## Your objective
Narrow the data below down to the lines containing "omitted".

## Records for the task

(* Let $k \ge 2$ and $2 \le n_1 \le n_2 \le \cdots \le n_k$ be integers, and let $K_{n_1,\dots,n_k}$ be the complete $k$-partite graph with parts of sizes $n_1,\dots,n_k$. (i) If $n_1$ is even, then $\mathrm{sg_e}(K_{n_1,\dots,n_k}) = \sum_{j=2}^k n_j + 1$ if $n_2 \in \{n_1, n_1+1\}$, and $\mathrm{sg_e}(K_{n_1,\dots,n_k}) = \sum_{j=2}^k n_j$ otherwise. (ii) If $n_1$ is odd, then $\mathrm{sg_e}(K_{n_1,\dots,n_k}) = \sum_{j=2}^k n_j + 2$ if $n_2 = n_1$, and $\mathrm{sg_e}(K_{n_1,\dots,n_k}) = \sum_{j=2}^k n_j$ otherwise.
   Context: All graphs are finite, simple and connected. A set $S \subseteq V(G)$ is a strong edge geodetic set of $G$ if one can assign to every unordered pair $\{u,v\}$ of distinct vertices of $S$ either one shortest $u,v$-path $P_{uv}$ in $G$ or no path, in such a way that every edge of $G$ lies on at least one of the assigned paths. The strong edge geodetic number $\mathrm{sg_e}(G)$ is the minimum cardinality of a strong edge geodetic set of $G$. *)

theory Defs
  imports Main
begin

definition is_path :: "'a set \<Rightarrow> 'a set set \<Rightarrow> 'a list \<Rightarrow> 'a \<Rightarrow> 'a \<Rightarrow> bool" where
  "is_path V E p u v \<longleftrightarrow> p \<noteq> [] \<and> hd p = u \<and> last p = v \<and> distinct p \<and> set p \<subseteq> V \<and>
     (\<forall>i. Suc i < length p \<longrightarrow> {p ! i, p ! Suc i} \<in> E)"

definition is_shortest_path :: "'a set \<Rightarrow> 'a set set \<Rightarrow> 'a list \<Rightarrow> 'a \<Rightarrow> 'a \<Rightarrow> bool" where
  "is_shortest_path V E p u v \<longleftrightarrow> is_path V E p u v \<and>
     (\<forall>q. is_path V E q u v \<longrightarrow> length p \<le> length q)"

definition path_edges :: "'a list \<Rightarrow> 'a set set" where
  "path_edges p = {{p ! i, p ! Suc i} | i. Suc i < length p}"

text \<open>Each unordered pair {u,v} of distinct vertices of S is assigned either one
shortest u,v-path (Some p) or no path (None); every edge must lie on an assigned path.\<close>
definition strong_edge_geodetic :: "'a set \<Rightarrow> 'a set set \<Rightarrow> 'a set \<Rightarrow> bool" where
  "strong_edge_geodetic V E S \<longleftrightarrow> S \<subseteq> V \<and>
     (\<exists>P :: 'a set \<Rightarrow> 'a list option.
        (\<forall>u\<in>S. \<forall>v\<in>S. u \<noteq> v \<longrightarrow>
            (\<forall>p. P {u, v} = Some p \<longrightarrow> is_shortest_path V E p u v \<or> is_shortest_path V E p v u)) \<and>
        (\<forall>e\<in>E. \<exists>u\<in>S. \<exists>v\<in>S. u \<noteq> v \<and> (\<exists>p. P {u, v} = Some p \<and> e \<in> path_edges p)))"

definition sg_e :: "'a set \<Rightarrow> 'a set set \<Rightarrow> nat" where
  "sg_e V E = (LEAST m. \<exists>S. finite S \<and> strong_edge_geodetic V E S \<and> card S = m)"

definition kpart_V :: "nat \<Rightarrow> (nat \<Rightarrow> nat) \<Rightarrow> (nat \<times> nat) set" where
  "kpart_V k n = {(i, x). 1 \<le> i \<and> i \<le> k \<and> x < n i}"

definition kpart_E :: "nat \<Rightarrow> (nat \<Rightarrow> nat) \<Rightarrow> (nat \<times> nat) set set" where
  "kpart_E k n = {{a, b} | a b. a \<in> kpart_V k n \<and> b \<in> kpart_V k n \<and> fst a \<noteq> fst b}"

end

theory Submission
  imports Defs "HOL-Library.Disjoint_Sets"
begin

text \<open>In a complete multipartite graph a shortest path between two vertices of one part has exactly
  one interior vertex, lying in another part. If \<open>S\<close> is strong edge geodetic, the vertices outside
  \<open>S\<close> lie in a single part, since an edge between two of them lies on no geodesic with ends in \<open>S\<close>.
  For such a vertex \<open>a\<close> and another part \<open>j\<close>, every edge from \<open>a\<close> to part \<open>j\<close> lies on a geodesic
  \<open>u a v\<close> with \<open>u, v\<close> in part \<open>j\<close>; so the pairs routed through \<open>a\<close> form an edge cover of part \<open>j\<close>,
  disjoint from those of the other omitted vertices. Since \<open>K\<^sub>m\<close> has at most \<open>m - 1\<close> disjoint edge
  covers, and at most \<open>m - 2\<close> for odd \<open>m\<close>, at most \<open>min n\<^sub>1 (max_edge_covers n\<^sub>2)\<close> vertices are
  omitted. Conversely, that many vertices of part 1 can be omitted: colour the pairs of every
  other part so that each vertex meets every colour, and route each pair through the vertex of
  part 1 named by its colour.\<close>

text \<open>The maximal number of pairwise disjoint edge covers of \<open>K\<^sub>m\<close>, \<open>m \<ge> 2\<close>.\<close>

definition max_edge_covers :: "nat \<Rightarrow> nat" where
  "max_edge_covers m = (if even m then m - 1 else m - 2)"

lemma max_edge_covers_le: "max_edge_covers m \<le> m"
  unfolding max_edge_covers_def by auto

lemma max_edge_covers_mono: "m \<le> m' \<Longrightarrow> max_edge_covers m \<le> max_edge_covers m'"
  unfolding max_edge_covers_def by presburger

lemma min_max_edge_covers:
  assumes "2 \<le> m" "m \<le> m'"
  shows "min m (max_edge_covers m') =
    (if even m \<and> m' \<in> {m, m + 1} then m - 1 else if odd m \<and> m' = m then m - 2 else m)"
proof (cases "m' \<le> m + 1")
  case True
  then consider "m' = m" | "m' = m + 1" using assms(2) by linarith
  then show ?thesis using assms(1) by cases (auto simp: max_edge_covers_def)
next
  case False
  then have "m \<le> max_edge_covers m'" unfolding max_edge_covers_def by auto
  then show ?thesis using False by auto
qed

lemma le_max_edge_covers:
  assumes m: "2 \<le> m" and t: "t * ((m + 1) div 2) \<le> m choose 2"
  shows "t \<le> max_edge_covers m"
proof (cases "even m")
  case True
  then obtain r where r: "m = 2 * r" "1 \<le> r" using m by (auto elim!: evenE)
  have "m choose 2 = r * (2 * r - 1)" unfolding r(1) choose_two by (cases r) auto
  moreover have "(m + 1) div 2 = r" using r by simp
  ultimately have "t * r \<le> (2 * r - 1) * r" using t by (simp add: mult.commute)
  then show ?thesis using r True by (simp add: max_edge_covers_def)
next
  case False
  then obtain r where r: "m = 2 * r + 1" "1 \<le> r" using m by (auto elim!: oddE)
  have "m choose 2 = (2 * r + 1) * r" unfolding r(1) choose_two by simp
  moreover have "(m + 1) div 2 = r + 1" using r by simp
  ultimately have t': "t * (r + 1) \<le> (2 * r + 1) * r" using t by simp
  have "t < 2 * r"
  proof (rule ccontr)
    assume "\<not> t < 2 * r"
    then have "2 * r * (r + 1) \<le> t * (r + 1)" by (intro mult_le_mono1) simp
    with t' r(2) show False by (simp add: algebra_simps)
  qed
  then show ?thesis using r False by (simp add: max_edge_covers_def)
qed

## Answer to this task
  disjoint from those of the other omitted vertices. Since \<open>K\<^sub>m\<close> has at most \<open>m - 1\<close> disjoint edge
  omitted. Conversely, that many vertices of part 1 can be omitted: colour the pairs of every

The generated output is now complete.